Where in the entries below does "definition" appear? Copy every line that has it.
─── EXTRACTED MATERIAL ───
lemma states_cong_noise:
  assumes "\<And>i t. i < n \<Longrightarrow> w i t x = w' i t x" "i < n"
  shows "states f n s0 w x k i = states f n s0 w' x k i"
  using assms(2)
proof (induction k arbitrary: i)
  case (Suc k)
  have "emp n (states f n s0 w x k) = emp n (states f n s0 w' x k)"
    by (rule emp_cong) (use Suc in auto)
  then show ?case using Suc assms(1) by simp
qed simp

lemma traj_cong:
  assumes "\<And>j. j \<in> prim_index n K \<Longrightarrow> \<xi> j = \<xi>' j" "k \<le> K" "i < n"
  shows "traj f n \<xi> k i = traj f n \<xi>' k i"
  using assms(2,3)
proof (induction k arbitrary: i)
  case 0
  then show ?case using assms(1) by (simp add: prim_index_def)
next
  case (Suc k)
  have "emp n (traj f n \<xi> k) = emp n (traj f n \<xi>' k)"
    by (rule emp_cong) (use Suc in auto)
  moreover have "\<xi> (Inr (i, k)) = \<xi>' (Inr (i, k))"
    using Suc assms(1) by (simp add: prim_index_def)
  ultimately show ?case using Suc by simp
qed

lemma emp_traj_cong:
  "(\<And>j. j \<in> prim_index n K \<Longrightarrow> \<xi> j = \<xi>' j) \<Longrightarrow> k \<le> K \<Longrightarrow> emp n (traj f n \<xi> k) = emp n (traj f n \<xi>' k)"
  by (rule emp_cong) (rule traj_cong)

locale mean_field =
  fixes S :: "real set" and PW :: "'w pmf" and f :: "real \<Rightarrow> (real \<Rightarrow> real) \<Rightarrow> 'w \<Rightarrow> real"
    and n :: nat
  assumes S_fin: "finite S" and S_ne: "S \<noteq> {}" and W_fin: "finite (set_pmf PW)"
    and f_in: "\<And>s m w. s \<in> S \<Longrightarrow> probvec S m \<Longrightarrow> w \<in> set_pmf PW \<Longrightarrow> f s m w \<in> S"
    and n_pos: "1 \<le> n"
begin

abbreviation valuations :: "nat \<Rightarrow> (nat + nat \<times> nat \<Rightarrow> real + 'w) set" where
  "valuations k \<equiv> PiE (prim_index n k) (prim_range S PW)"

abbreviation emp_at :: "(nat + nat \<times> nat \<Rightarrow> real + 'w) \<Rightarrow> nat \<Rightarrow> real \<Rightarrow> real" where
  "emp_at \<xi> k \<equiv> emp n (traj f n \<xi> k)"

definition tracking_error :: "nat \<Rightarrow> (nat + nat \<times> nat \<Rightarrow> real + 'w) \<Rightarrow> real" where
  "tracking_error k \<xi> = supnorm S (\<lambda>s. emp_at \<xi> k s - (Tbar S PW f ^^ k) (emp_at \<xi> 0) s)"

definition step_error :: "nat \<Rightarrow> (nat + nat \<times> nat \<Rightarrow> real + 'w) \<Rightarrow> real" where
  "step_error k \<xi> = supnorm S (\<lambda>s. emp_at \<xi> (Suc k) s - Tbar S PW f (emp_at \<xi> k) s)"

definition innovation :: "nat \<Rightarrow> real \<Rightarrow> nat \<Rightarrow> (nat + nat \<times> nat \<Rightarrow> real + 'w) \<Rightarrow> real" where
  "innovation k s' i \<xi> =
     (if s' = traj f n \<xi> (Suc k) i then 1 else 0) - Tk PW f s' (traj f n \<xi> k i) (emp_at \<xi> k)"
───
### RESPONSE FOR THIS EXERCISE
definition tracking_error :: "nat \<Rightarrow> (nat + nat \<times> nat \<Rightarrow> real + 'w) \<Rightarrow> real" where
definition step_error :: "nat \<Rightarrow> (nat + nat \<times> nat \<Rightarrow> real + 'w) \<Rightarrow> real" where
definition innovation :: "nat \<Rightarrow> real \<Rightarrow> nat \<Rightarrow> (nat + nat \<times> nat \<Rightarrow> real + 'w) \<Rightarrow> real" where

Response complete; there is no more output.